Tuesday, September 8, 2015

While I'm Waiting

A former pastor used to reference the "sweet spot" of ministry. Since sports analogies always resonate with me (thank you, Dad, for using one to support every single verse or Biblical lesson you ever imparted), that phrase stuck. And just a year or two later, when I became a Compassion advocate (like a highly-trained volunteer), I knew exactly what Pastor Andrew meant.

Handing out child packets at concerts, the "table rush" during intermission, giving public presentations on child sponsorship, bragging online about our kids, helping new sponsors -- it all lit a fire in me I barely knew existed.

I never felt more alive (ahem, outside of time spent with my hunky hubby) than when I was volunteering with Compassion.

Giving runners instructions at 5k/10k race I founded to benefit Compassion's Child Survival Program
So when I moved to England, the loss of my advocacy was one of the hardest pills to swallow (well, that and Costco, if we're being real). Yes, Compassion exists in Great Britain.
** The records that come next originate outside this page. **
lemma dspec_quasi_compact:
  assumes K: "keigher_ring \<Delta>" and E: "\<forall>Q\<in>dspec \<Delta>. \<not> E \<subseteq> Q"
  shows "\<exists>F\<subseteq>E. finite F \<and> (\<forall>Q\<in>dspec \<Delta>. \<not> F \<subseteq> Q)"
proof -
  have E_hull: "E \<subseteq> differential_hull \<Delta> E" unfolding differential_hull_def by blast
  have one_in_hull: "1 \<in> differential_hull \<Delta> E"
  proof (rule ccontr)
    assume "1 \<notin> differential_hull \<Delta> E"
    then have "\<forall>n. (1::'a) ^ n \<notin> differential_hull \<Delta> E" by simp
    then obtain Q where "Q \<in> dspec \<Delta>" "differential_hull \<Delta> E \<subseteq> Q"
      using exists_dprime[OF K differential_hull_ideal] by blast
    then show False using E E_hull by blast
  qed
  obtain F where F: "F \<subseteq> E" "finite F" "1 \<in> differential_hull \<Delta> F"
    using differential_hull_finite[OF one_in_hull] by blast
  have "\<not> F \<subseteq> Q" if Q: "Q \<in> dspec \<Delta>" for Q
  proof
    assume "F \<subseteq> Q"
    then have "1 \<in> Q" using F(3) differential_hull_least[OF dspec_differential_ideal[OF Q]] by blast
    then show False using prime_one[OF dspec_prime[OF Q]] by contradiction
  qed
  with F show ?thesis by blast
qed

lemma regular_at_basic_open:
  assumes "regular_at \<Delta> U f P"
  shows "\<exists>e a b. e \<notin> P \<and> (\<forall>Q\<in>dspec \<Delta>. e \<notin> Q \<longrightarrow> Q \<in> U \<and> b \<notin> Q \<and> f Q = lfrac Q a b)"
proof -
  obtain W a b where W: "kolchin_open \<Delta> W" "P \<in> W" "W \<subseteq> U"
    and fW: "\<forall>Q\<in>W. b \<notin> Q \<and> f Q = lfrac Q a b"
    using assms unfolding regular_at_def by blast
  obtain E where E: "W = {Q \<in> dspec \<Delta>. \<not> E \<subseteq> Q}"
    using W(1) unfolding kolchin_open_def by blast
  obtain e where e: "e \<in> E" "e \<notin> P" using E W(2) by blast
  have "Q \<in> U \<and> b \<notin> Q \<and> f Q = lfrac Q a b" if "Q \<in> dspec \<Delta>" "e \<notin> Q" for Q
  proof -
    have "Q \<in> W" using E that e(1) by blast
    then show ?thesis using W(3) fW by blast
  qed
  then show ?thesis using e(2) by blast
qed

text \<open>A section in ker phi is, near each point, a fraction a/b on some D(e) with e a nilpotent:
  e a lies in every differential prime (either e or the numerator a does).\<close>
lemma kernel_locally_nilpotent:
  assumes K: "keigher_ring \<Delta>" and f: "f \<in> kernel_phi \<Delta> (dspec \<Delta>)" and P: "P \<in> dspec \<Delta>"
  shows "\<exists>e a b n. e \<notin> P \<and> (e * a) ^ n = 0 \<and>
           (\<forall>Q\<in>dspec \<Delta>. e \<notin> Q \<longrightarrow> b \<notin> Q \<and> f Q = lfrac Q a b)"
proof -
  have "regular_at \<Delta> (dspec \<Delta>) f P" using f P by (simp add: kernel_phi_def sheafO_def)
  from regular_at_basic_open[OF this] obtain e a b where e: "e \<notin> P"
    and fe: "\<forall>Q\<in>dspec \<Delta>. e \<notin> Q \<longrightarrow> Q \<in> dspec \<Delta> \<and> b \<notin> Q \<and> f Q = lfrac Q a b"
    by (elim exE conjE)
  have "e * a \<in> Q" if Q: "Q \<in> dspec \<Delta>" for Q
  proof (cases "e \<in> Q")
    case False
    then have "residue Q (lfrac Q a b) = kfrac Q 0 1" and "b \<notin> Q"
      using f Q fe by (auto simp: kernel_phi_def phi_def)
    then have "a \<in> Q" using residue_lfrac_zero_iff[OF dspec_prime[OF Q]] by blast
    then show ?thesis using ideal_mult_l[OF prime_ideal_is_ideal[OF dspec_prime[OF Q]]] by blast
  qed (use ideal_mult_r[OF prime_ideal_is_ideal[OF dspec_prime[OF Q]]] in blast)
  then obtain n where "(e * a) ^ n = 0" using nilpotent_if_in_all_dprimes[OF K, of "e * a"] by blast
  with e fe show ?thesis by (intro exI[of _ e] exI[of _ a] exI[of _ b] exI[of _ n]) simp
qed

lemma nilradical_sub_kernel:
  assumes f: "f \<in> nilradicalO \<Delta> (dspec \<Delta>)"
  shows "f \<in> kernel_phi \<Delta> (dspec \<Delta>)"
proof -
  obtain n where fO: "f \<in> sheafO \<Delta> (dspec \<Delta>)"
    and nil: "\<And>P. P \<in> dspec \<Delta> \<Longrightarrow> loc_pow P (f P) n = lfrac P 0 1"
    using f unfolding nilradicalO_def by blast
  have "residue P (f P) = kfrac P 0 1" if P: "P \<in> dspec \<Delta>" for P
  proof -
    have pP: "is_prime_ideal P" using dspec_prime[OF P] .
    obtain a s where s: "s \<notin> P" and fP: "f P = lfrac P a s"
      using fO P unfolding sheafO_def loc_def by blast
    have "lfrac P (a ^ n) (s ^ n) = lfrac P 0 1"
      using nil[OF P] fP loc_pow_lfrac[OF pP s] by simp
    then obtain u where "u \<notin> P" "u * a ^ n = 0"
      using lfrac_eq_zero_iff[OF pP prime_notin_pow[OF pP s]] by blast
    then have "a ^ n \<in> P"
      using prime_mult_in[OF pP] is_ideal_def prime_ideal_is_ideal[OF pP] by metis
    then have "a \<in> P" using prime_notin_pow[OF pP] by blast
    then show ?thesis using fP residue_lfrac_zero_iff[OF pP s] by simp
  qed
  then show ?thesis using fO by (simp add: kernel_phi_def phi_def)
qed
I've had the privilege of introducing several British friends to Compassion's awesomeness and excitedly watching them pick out kids for their own. I've even been able to meet other advocates here that I had only known online before!
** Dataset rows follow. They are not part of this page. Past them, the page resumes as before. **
(* Let $1<\alpha\le2$, $\delta\in(1-\frac\alpha2,1)$, and let $f(x)=a_0+a_1x+\dots+a_nx^n$ be a real polynomial. Then $F:C^\delta(0,1)\to H^{-\alpha/2}_2$, $F(u)=\frac{d}{dx}f(u(\cdot))$, is well defined, and for every $R>0$ there is $C_R>0$ such that for all $u,v\in C^\delta(0,1)$ with $|u|_{C^\delta},|v|_{C^\delta}\le R$, $$|F(u)-F(v)|_{H^{-\alpha/2}_2}\le C_R\,|u-v|_{C^\delta}.$$
   Context: Let $e_k(x)=\sqrt2\sin(k\pi x)$, $k\ge1$, be the $L^2(0,1)$-orthonormal eigenfunctions of $A=-\partial_x^2$ with Dirichlet boundary conditions on $(0,1)$, with eigenvalues $\lambda_k=(k\pi)^2$. For $\gamma\in\mathbb R$, $H^\gamma_2$ is the space of $v=\sum_k v_ke_k$ with $|v|^2_{H^\gamma_2}=\sum_k\lambda_k^\gamma v_k^2<\infty$ (for $\gamma<0$ the completion of $L^2(0,1)$ in this norm). For $\delta\in(0,1)$, $C^\delta(0,1)$ is the space of bounded continuous functions on $[0,1]$ with norm $|g|_{C^\delta}=\sup_x|g(x)|+\sup_{x\ne y}|g(x)-g(y)|/|x-y|^\delta$. For $u\in C^\delta(0,1)$, $F(u)=\partial_x(f(u))$ is the distribution with coefficients $\langle F(u),e_k\rangle:=-\int_0^1 f(u(x))e_k'(x)\,dx$. *)

theory Defs
  imports "HOL-Analysis.Analysis" "HOL-Computational_Algebra.Polynomial"
begin

text \<open>Dirichlet eigenfunctions e_k(x) = sqrt 2 sin(k pi x), their derivatives, eigenvalues.\<close>
definition eig_fun :: "nat \<Rightarrow> real \<Rightarrow> real" where
  "eig_fun k x = sqrt 2 * sin (real k * pi * x)"

definition eig_fun_deriv :: "nat \<Rightarrow> real \<Rightarrow> real" where
  "eig_fun_deriv k x = sqrt 2 * (real k * pi) * cos (real k * pi * x)"

definition eig_val :: "nat \<Rightarrow> real" where
  "eig_val k = (real k * pi)^2"

definition holder_quots :: "real \<Rightarrow> (real \<Rightarrow> real) \<Rightarrow> real set" where
  "holder_quots \<delta> g = {\<bar>g x - g y\<bar> / \<bar>x - y\<bar> powr \<delta> | x y. x \<in> {0..1} \<and> y \<in> {0..1} \<and> x \<noteq> y}"

definition holder_space :: "real \<Rightarrow> (real \<Rightarrow> real) set" where
  "holder_space \<delta> = {g. continuous_on {0..1} g \<and> bdd_above (holder_quots \<delta> g)}"

definition holder_norm :: "real \<Rightarrow> (real \<Rightarrow> real) \<Rightarrow> real" where
  "holder_norm \<delta> g = (SUP x\<in>{0..1}. \<bar>g x\<bar>) + Sup (holder_quots \<delta> g)"

text \<open>Coefficients <F(u), e_k> = - int_0^1 f(u(x)) e_k'(x) dx, with f given by a real polynomial.\<close>
definition F_coef :: "real poly \<Rightarrow> (real \<Rightarrow> real) \<Rightarrow> nat \<Rightarrow> real" where
  "F_coef p u k = - integral {0..1} (\<lambda>x. poly p (u x) * eig_fun_deriv k x)"

text \<open>Squared H^gamma_2 norm series of a coefficient sequence c (indices k >= 1).\<close>
definition H_terms :: "real \<Rightarrow> (nat \<Rightarrow> real) \<Rightarrow> nat \<Rightarrow> real" where
  "H_terms \<gamma> c k = eig_val (Suc k) powr \<gamma> * (c (Suc k))^2"

definition H_norm :: "real \<Rightarrow> (nat \<Rightarrow> real) \<Rightarrow> real" where
  "H_norm \<gamma> c = sqrt (\<Sum>k. H_terms \<gamma> c k)"

end

theory Submission
  imports Defs
begin

text \<open>
  Since \<open>e_k' = sqrt 2 k pi cos (k pi x)\<close>, the coefficients of \<open>F(u) = (f \<circ> u)'\<close> are
  \<open>-sqrt 2 k pi\<close> times the cosine coefficients \<open>c_k\<close> of \<open>f \<circ> u\<close>, and the \<open>H^(-alpha/2)\<close> norm
  of \<open>F(u)\<close> is a weighted sum of \<open>k^(2 - alpha) c_k^2\<close>. For a function \<open>g\<close> that is \<open>delta\<close>-Hoelder
  with constant \<open>L\<close>, a Bernstein-type argument gives \<open>sum_{N <= k < 2N} c_k^2 <= L^2/2 (2N)^(-2 delta)\<close>:
  the symmetric second difference \<open>g(x) - (g(x + h) + g(x - h))/2\<close> of the even periodic
  extension, with \<open>h = 1/(2N)\<close>, has coefficients \<open>(1 - cos (k pi h)) c_k\<close>, which dominate \<open>c_k\<close>
  on the block, and it is bounded by \<open>L h^delta\<close>, so Bessel's inequality applies. As
  \<open>2 - alpha < 2 delta\<close>, the dyadic blocks sum to a geometric series, and \<open>|F(u)|\<close> is
  bounded by a constant times \<open>L\<close>. For the Lipschitz estimate one applies this to
  \<open>f \<circ> u - f \<circ> v\<close>, whose Hoelder constant is controlled by \<open>|u - v|_{C^delta}\<close> through the
  second-difference inequality
  \<open>|f a - f b - (f a' - f b')| <= M |(a - b) - (a' - b')| + K |a' - b'| |b - b'|\<close>
  for \<open>f\<close> with derivative bounded by \<open>M\<close> and \<open>K\<close>-Lipschitz.
\<close>

section \<open>Cosine coefficients and Bessel's inequality\<close>

definition cos_mode :: "nat \<Rightarrow> real \<Rightarrow> real" where
  "cos_mode k x = cos (real k * pi * x)"

definition cos_coeff :: "(real \<Rightarrow> real) \<Rightarrow> nat \<Rightarrow> real" where
  "cos_coeff g k = integral {0..1} (\<lambda>x. g x * cos_mode k x)"

lemma continuous_on_cos_mode [continuous_intros]:
  fixes f :: "real \<Rightarrow> real"
  assumes "continuous_on S f"
  shows "continuous_on S (\<lambda>x. cos_mode k (f x))"
  unfolding cos_mode_def by (intro continuous_intros assms)

lemma cos_mode_minus: "cos_mode k (- x) = cos_mode k x"
  by (simp add: cos_mode_def)

lemma cos_mode_two_minus: "cos_mode k (2 - x) = cos_mode k x"
proof -
  have "cos_mode k (2 - x) = cos (2 * pi * real k - real k * pi * x)"
    by (simp add: cos_mode_def algebra_simps)
  also have "\<dots> = cos (real k * pi * x)"
    using cos_2npi[of k] sin_2npi[of k] by (simp add: cos_diff mult.commute mult.left_commute)
  finally show ?thesis by (simp add: cos_mode_def)
qed

lemma has_integral_cos_int_multiple:
  fixes m :: int
  assumes "m \<noteq> 0"
  shows "((\<lambda>x. cos (of_int m * pi * x)) has_integral 0) {0..1}"
proof -
  have "((\<lambda>x. sin (of_int m * pi * x) / (of_int m * pi)) has_real_derivative cos (of_int m * pi * x))
      (at x within {0..1})" for x
    using assms by (auto intro!: derivative_eq_intros)
  then have "((\<lambda>x. cos (of_int m * pi * x)) has_integral
      (sin (of_int m * pi * 1) / (of_int m * pi) - sin (of_int m * pi * 0) / (of_int m * pi))) {0..1}"
    by (intro fundamental_theorem_of_calculus) (auto simp: has_real_derivative_iff_has_vector_derivative)
  moreover have "sin (of_int m * pi) = 0"
    by (simp add: sin_zero_iff_int2)
  ultimately show ?thesis
    by simp
qed

lemma cos_mode_orthogonal:
  assumes "j \<ge> 1" "k \<ge> 1"
  shows "((\<lambda>x. cos_mode j x * cos_mode k x) has_integral (if j = k then 1/2 else 0)) {0..1}"
proof -
  have prod: "cos_mode j x * cos_mode k x
      = cos (of_int (int j - int k) * pi * x) / 2 + cos (of_int (int j + int k) * pi * x) / 2" for x
    unfolding cos_mode_def by (simp add: cos_times_cos algebra_simps)
  have sum_freq: "((\<lambda>x. cos (of_int (int j + int k) * pi * x) / 2) has_integral 0) {0..1}"
    using has_integral_divide[OF has_integral_cos_int_multiple[of "int j + int k"], of 2] assms by simp
  have diff_freq: "((\<lambda>x. cos (of_int (int j - int k) * pi * x) / 2) has_integral
      (if j = k then 1/2 else 0)) {0..1}"
  proof (cases "j = k")
    case True
    then show ?thesis using has_integral_const_real[of "1/2::real" 0 1] by simp
  next
    case False
    then show ?thesis
      using has_integral_divide[OF has_integral_cos_int_multiple[of "int j - int k"], of 2] by simp
  qed
  show ?thesis
    unfolding prod using has_integral_add[OF diff_freq sum_freq] by simp
qed

lemma bessel_cos_modes:
  assumes S: "finite S" "\<And>k. k \<in> S \<Longrightarrow> k \<ge> 1"
    and r: "continuous_on {0..1} r"
  shows "2 * (\<Sum>k\<in>S. (cos_coeff r k)^2) \<le> integral {0..1} (\<lambda>x. (r x)^2)"
proof -
  define a where "a = cos_coeff r"
  define s where "s x = (\<Sum>k\<in>S. a k * cos_mode k x)" for x
  have cs: "continuous_on {0..1} s"
    unfolding s_def by (intro continuous_intros)
  note int = integrable_continuous_interval[where 'b=real]
  have inner: "integral {0..1} (\<lambda>x. r x * s x) = (\<Sum>k\<in>S. (a k)^2)"
  proof -
    have "integral {0..1} (\<lambda>x. r x * s x) = integral {0..1} (\<lambda>x. \<Sum>k\<in>S. a k * (r x * cos_mode k x))"
      unfolding s_def by (simp add: sum_distrib_left algebra_simps)
    also have "\<dots> = (\<Sum>k\<in>S. integral {0..1} (\<lambda>x. a k * (r x * cos_mode k x)))"
      by (rule integral_sum) (auto intro!: int continuous_intros r S(1))
    finally show ?thesis
      by (simp add: a_def cos_coeff_def power2_eq_square)
  qed
  have norm_sq: "integral {0..1} (\<lambda>x. (s x)^2) = (\<Sum>k\<in>S. (a k)^2) / 2"
  proof -
    have "integral {0..1} (\<lambda>x. (s x)^2)
        = integral {0..1} (\<lambda>x. \<Sum>j\<in>S. \<Sum>k\<in>S. a j * a k * (cos_mode j x * cos_mode k x))"
      unfolding s_def power2_eq_square sum_product by (simp add: algebra_simps)
    also have "\<dots> = (\<Sum>j\<in>S. integral {0..1} (\<lambda>x. \<Sum>k\<in>S. a j * a k * (cos_mode j x * cos_mode k x)))"
      by (rule integral_sum) (auto intro!: int continuous_intros S(1))
    also have "\<dots> = (\<Sum>j\<in>S. \<Sum>k\<in>S. integral {0..1} (\<lambda>x. a j * a k * (cos_mode j x * cos_mode k x)))"
      by (intro sum.cong refl integral_sum) (auto intro!: int continuous_intros S(1))
    also have "\<dots> = (\<Sum>j\<in>S. \<Sum>k\<in>S. a j * a k * (if j = k then 1/2 else 0))"
      using cos_mode_orthogonal S(2) by (intro sum.cong refl) (simp add: integral_unique)
    also have "\<dots> = (\<Sum>j\<in>S. (a j)^2 / 2)"
      by (intro sum.cong refl) (simp add: if_distrib S(1) power2_eq_square cong: if_cong)
    finally show ?thesis
      by (simp add: sum_divide_distrib)
  qed
  have expand: "integral {0..1} (\<lambda>x. (r x - 2 * s x)^2)
      = integral {0..1} (\<lambda>x. (r x)^2) - 4 * integral {0..1} (\<lambda>x. r x * s x)
        + 4 * integral {0..1} (\<lambda>x. (s x)^2)"
  proof -
    have "(\<lambda>x. (r x - 2 * s x)^2) = (\<lambda>x. ((r x)^2 - 4 * (r x * s x)) + 4 * (s x)^2)"
      by (auto simp: power2_eq_square algebra_simps)
    then show ?thesis
      by (simp add: integral_add integral_diff int continuous_intros r cs)
  qed
  have "0 \<le> integral {0..1} (\<lambda>x. (r x - 2 * s x)^2)"
    by (rule integral_nonneg) (auto intro!: int continuous_intros r cs)
  then show ?thesis
    unfolding expand inner norm_sq by (simp add: a_def)
qed

section \<open>Cosine coefficients of Hoelder functions on dyadic blocks\<close>

text \<open>For \<open>g\<close> on \<open>[0,1]\<close>, \<open>g \<circ> fold_unit\<close> agrees on \<open>[-1,2]\<close> with the even 2-periodic extension
  of \<open>g\<close>, whose cosine coefficients are those of \<open>g\<close>.\<close>
definition fold_unit :: "real \<Rightarrow> real" where
  "fold_unit x = 1 - \<bar>1 - \<bar>x\<bar>\<bar>"

lemma fold_unit_id: "x \<in> {0..1} \<Longrightarrow> fold_unit x = x"
  by (auto simp: fold_unit_def)

lemma fold_unit_in_unit: "x \<in> {-1..2} \<Longrightarrow> fold_unit x \<in> {0..1}"
  by (auto simp: fold_unit_def)

lemma fold_unit_lipschitz: "\<bar>fold_unit x - fold_unit y\<bar> \<le> \<bar>x - y\<bar>"
  by (auto simp: fold_unit_def)

lemma continuous_on_fold_unit_comp:
  assumes "continuous_on {0..1} g" "S \<subseteq> {-1..2}"
  shows "continuous_on S (\<lambda>x. g (fold_unit x))"
proof -
  have "continuous_on S fold_unit"
    unfolding fold_unit_def by (intro continuous_intros)
  then show ?thesis
    using continuous_on_compose2[OF assms(1)] assms(2) fold_unit_in_unit by blast
qed

lemma continuous_on_fold_unit_shift:
  assumes g: "continuous_on {0..1} g" and s: "\<bar>s\<bar> \<le> 1"
  shows "continuous_on {0..1} (\<lambda>x. g (fold_unit (x + s)))"
  using s by (intro continuous_on_compose2[OF continuous_on_fold_unit_comp[OF g order.refl]]
      continuous_intros) auto

lemma integral_translate_real_ivl:
  "integral {a..b} (\<lambda>x. f (x + c)) = integral {a + c..b + c} (f :: real \<Rightarrow> real)"
  using integral_shift_real_ivl[of "a + c" c "b + c" f] by simp

lemma integral_reflect_real_ivl:
  "integral {a..b} (\<lambda>x. f (c - x)) = integral {c - b..c - a} (f :: real \<Rightarrow> real)"
  using integral_translate_real_ivl[of a b "\<lambda>t. f (- t)" "- c"]
    Henstock_Kurzweil_Integration.integral_reflect_real[of "c - a" "c - b" f]
  by simp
Still, just like everything else, my life here is not the same as it was in Oregon. I live out in the English sticks, for one. There just aren't the same amount and kind of events here as in a big city like Salem or Portland. England also doesn't have the benefit of a "Christian bubble" like America; there are either no or very few Christian radio stations, private Christian schools, Christian bookstores, churches over 50 people, etc. No huge Christian bands mean no Christian concerts. No concerts mean no Compassion presentations, for example.

Whereas I may have assisted hundreds of people in one night sign up for Compassion sponsorship in America, I was getting one or two a year in England.


Hanging out with Sarah, a fellow Compassion advocate, in Bristol

My heart hurt. I missed my core group of Compassion advocates back in the Northwest, many of whom I had gotten to know quite well over the years. It was just so cool being surrounded by people who understood my passion for kids.

Why would you see fit to take yet one more thing away from me, God? I prayed. Especially when that thing was helping others?

It took a while....but it all makes sense now.

Bringing a smile to Isaiahu, a six-year-old boy living in an Ukrainian adult mental institution simply because he has cerebral palsy.

When God shuts a door and all that...there are always other needs to lovingly address.While on the Western edge of Europe, I had new, unique chances to advocate for Ukrainian orphans with special needs...because I had been there and seen it firsthand.

My heart broke for kids who often have it far worse than any registered Compassion child. Yes, Compassion kids are poor. But often (not always), they have a family who loves them and shows them culturally-appropriate affection. They have project workers who give them educational and medical opportunities. They get to go to church, and attend Christmas parties, and receive birthday gifts from their sponsors.

That's a far cry from grown men the size of first-graders tied to wooden pallets and laying in their own urine.

Nick shows Ben what it feels like -- even for a moment -- to be held and loved by a daddy. Could you be his forever?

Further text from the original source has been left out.